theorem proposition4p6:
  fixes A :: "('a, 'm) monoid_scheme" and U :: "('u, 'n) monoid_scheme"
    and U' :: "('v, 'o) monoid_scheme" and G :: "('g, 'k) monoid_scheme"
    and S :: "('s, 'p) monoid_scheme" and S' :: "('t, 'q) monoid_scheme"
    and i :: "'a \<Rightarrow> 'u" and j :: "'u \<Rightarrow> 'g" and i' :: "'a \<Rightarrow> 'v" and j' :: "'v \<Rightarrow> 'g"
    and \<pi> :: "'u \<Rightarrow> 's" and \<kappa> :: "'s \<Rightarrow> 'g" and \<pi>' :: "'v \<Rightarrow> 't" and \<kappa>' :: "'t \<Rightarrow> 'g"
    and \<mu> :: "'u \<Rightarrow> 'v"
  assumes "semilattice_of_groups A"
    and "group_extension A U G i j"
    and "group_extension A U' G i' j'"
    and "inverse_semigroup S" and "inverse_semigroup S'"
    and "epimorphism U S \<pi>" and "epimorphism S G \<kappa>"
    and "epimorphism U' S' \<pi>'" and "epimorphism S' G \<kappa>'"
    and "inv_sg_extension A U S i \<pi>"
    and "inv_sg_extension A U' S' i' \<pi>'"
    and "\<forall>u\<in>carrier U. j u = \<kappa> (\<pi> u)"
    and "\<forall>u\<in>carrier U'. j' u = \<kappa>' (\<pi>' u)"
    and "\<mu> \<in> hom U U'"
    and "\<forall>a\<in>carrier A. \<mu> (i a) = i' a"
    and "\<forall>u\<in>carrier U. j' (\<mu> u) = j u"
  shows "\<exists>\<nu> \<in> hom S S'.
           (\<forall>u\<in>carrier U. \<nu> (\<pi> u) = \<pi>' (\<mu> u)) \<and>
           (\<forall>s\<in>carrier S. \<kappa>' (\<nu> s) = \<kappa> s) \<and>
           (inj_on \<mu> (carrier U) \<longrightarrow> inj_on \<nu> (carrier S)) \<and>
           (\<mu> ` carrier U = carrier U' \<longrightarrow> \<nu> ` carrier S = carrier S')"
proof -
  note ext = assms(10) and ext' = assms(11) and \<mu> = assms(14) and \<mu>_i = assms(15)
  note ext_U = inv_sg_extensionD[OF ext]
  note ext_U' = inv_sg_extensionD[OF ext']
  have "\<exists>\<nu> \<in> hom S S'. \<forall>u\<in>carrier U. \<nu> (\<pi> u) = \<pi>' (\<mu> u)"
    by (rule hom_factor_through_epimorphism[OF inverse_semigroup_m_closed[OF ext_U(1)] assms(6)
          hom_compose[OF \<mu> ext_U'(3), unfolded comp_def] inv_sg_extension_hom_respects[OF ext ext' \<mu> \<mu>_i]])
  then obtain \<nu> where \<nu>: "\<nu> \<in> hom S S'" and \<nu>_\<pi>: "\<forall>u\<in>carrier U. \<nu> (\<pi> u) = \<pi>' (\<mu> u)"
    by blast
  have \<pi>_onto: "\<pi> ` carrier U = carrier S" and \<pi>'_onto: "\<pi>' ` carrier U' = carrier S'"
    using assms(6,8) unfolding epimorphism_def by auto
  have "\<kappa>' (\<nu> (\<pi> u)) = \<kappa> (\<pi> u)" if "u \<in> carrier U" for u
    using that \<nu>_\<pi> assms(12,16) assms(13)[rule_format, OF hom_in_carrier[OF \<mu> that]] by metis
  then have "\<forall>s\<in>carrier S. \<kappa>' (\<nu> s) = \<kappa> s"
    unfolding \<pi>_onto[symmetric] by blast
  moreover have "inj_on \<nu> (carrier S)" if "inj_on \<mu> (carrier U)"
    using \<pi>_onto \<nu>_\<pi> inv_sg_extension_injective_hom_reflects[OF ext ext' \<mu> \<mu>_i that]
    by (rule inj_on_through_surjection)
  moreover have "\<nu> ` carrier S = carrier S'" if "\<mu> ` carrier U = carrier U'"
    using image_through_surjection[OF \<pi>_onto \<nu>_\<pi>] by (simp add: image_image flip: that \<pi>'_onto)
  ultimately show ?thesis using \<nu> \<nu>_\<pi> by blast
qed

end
* * *
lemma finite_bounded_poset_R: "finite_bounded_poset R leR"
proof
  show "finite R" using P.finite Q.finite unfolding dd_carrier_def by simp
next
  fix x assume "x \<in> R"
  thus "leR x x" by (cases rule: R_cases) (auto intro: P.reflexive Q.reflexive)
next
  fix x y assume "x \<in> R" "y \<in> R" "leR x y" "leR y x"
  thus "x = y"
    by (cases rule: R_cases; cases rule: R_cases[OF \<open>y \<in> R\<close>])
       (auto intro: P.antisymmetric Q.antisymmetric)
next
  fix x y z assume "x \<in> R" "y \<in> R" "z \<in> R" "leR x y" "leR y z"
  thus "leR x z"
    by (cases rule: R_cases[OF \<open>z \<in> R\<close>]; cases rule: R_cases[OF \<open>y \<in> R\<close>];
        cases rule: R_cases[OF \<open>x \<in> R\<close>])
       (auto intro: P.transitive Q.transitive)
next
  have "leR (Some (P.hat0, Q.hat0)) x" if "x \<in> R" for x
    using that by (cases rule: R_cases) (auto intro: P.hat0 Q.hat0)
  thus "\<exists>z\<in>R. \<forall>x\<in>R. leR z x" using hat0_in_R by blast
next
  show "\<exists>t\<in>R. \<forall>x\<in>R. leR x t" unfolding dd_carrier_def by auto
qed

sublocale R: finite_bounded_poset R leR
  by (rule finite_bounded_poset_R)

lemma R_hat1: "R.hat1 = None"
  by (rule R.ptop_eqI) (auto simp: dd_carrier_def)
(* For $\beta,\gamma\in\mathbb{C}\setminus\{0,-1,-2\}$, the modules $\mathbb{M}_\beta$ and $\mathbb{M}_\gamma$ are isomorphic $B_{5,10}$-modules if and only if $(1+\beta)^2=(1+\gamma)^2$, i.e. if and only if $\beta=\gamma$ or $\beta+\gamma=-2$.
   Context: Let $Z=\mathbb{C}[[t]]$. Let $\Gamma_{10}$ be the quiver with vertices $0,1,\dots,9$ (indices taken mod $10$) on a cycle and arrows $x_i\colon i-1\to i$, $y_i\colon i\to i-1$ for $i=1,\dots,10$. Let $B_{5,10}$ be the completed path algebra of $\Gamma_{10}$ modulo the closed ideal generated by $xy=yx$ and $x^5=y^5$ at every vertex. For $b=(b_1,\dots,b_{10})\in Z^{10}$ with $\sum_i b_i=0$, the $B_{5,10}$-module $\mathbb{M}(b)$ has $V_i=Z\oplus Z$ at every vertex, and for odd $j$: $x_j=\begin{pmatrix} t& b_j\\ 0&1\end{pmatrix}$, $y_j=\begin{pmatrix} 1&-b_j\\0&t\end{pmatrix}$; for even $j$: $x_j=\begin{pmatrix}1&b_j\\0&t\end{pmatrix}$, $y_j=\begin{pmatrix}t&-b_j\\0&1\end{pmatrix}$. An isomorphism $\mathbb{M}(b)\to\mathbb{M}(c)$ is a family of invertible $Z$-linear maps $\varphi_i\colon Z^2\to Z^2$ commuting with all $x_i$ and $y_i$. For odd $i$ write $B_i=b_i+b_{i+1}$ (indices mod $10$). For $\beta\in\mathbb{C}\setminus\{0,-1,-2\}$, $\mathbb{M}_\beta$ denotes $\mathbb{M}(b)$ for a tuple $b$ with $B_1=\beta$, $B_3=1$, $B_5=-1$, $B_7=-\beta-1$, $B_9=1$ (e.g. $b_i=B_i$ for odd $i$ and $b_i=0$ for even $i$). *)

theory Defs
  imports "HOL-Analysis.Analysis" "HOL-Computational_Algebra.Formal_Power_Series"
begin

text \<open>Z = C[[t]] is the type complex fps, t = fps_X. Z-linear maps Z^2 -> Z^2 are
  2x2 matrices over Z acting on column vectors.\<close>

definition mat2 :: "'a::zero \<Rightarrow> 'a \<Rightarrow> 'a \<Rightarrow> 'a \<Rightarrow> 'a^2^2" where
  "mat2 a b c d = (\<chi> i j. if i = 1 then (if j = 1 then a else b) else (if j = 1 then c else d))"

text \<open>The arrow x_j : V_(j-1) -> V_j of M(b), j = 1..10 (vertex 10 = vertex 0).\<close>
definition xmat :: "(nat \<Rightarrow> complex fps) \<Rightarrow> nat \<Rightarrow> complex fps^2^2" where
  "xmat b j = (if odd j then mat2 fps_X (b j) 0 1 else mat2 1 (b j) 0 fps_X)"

§ **The task**: Report each line above that includes the string "unfolding".

§ **Task solution**:
    using assms(6,8) unfolding epimorphism_def by auto
    unfolding \<pi>_onto[symmetric] by blast
  show "finite R" using P.finite Q.finite unfolding dd_carrier_def by simp
  show "\<exists>t\<in>R. \<forall>x\<in>R. leR x t" unfolding dd_carrier_def by auto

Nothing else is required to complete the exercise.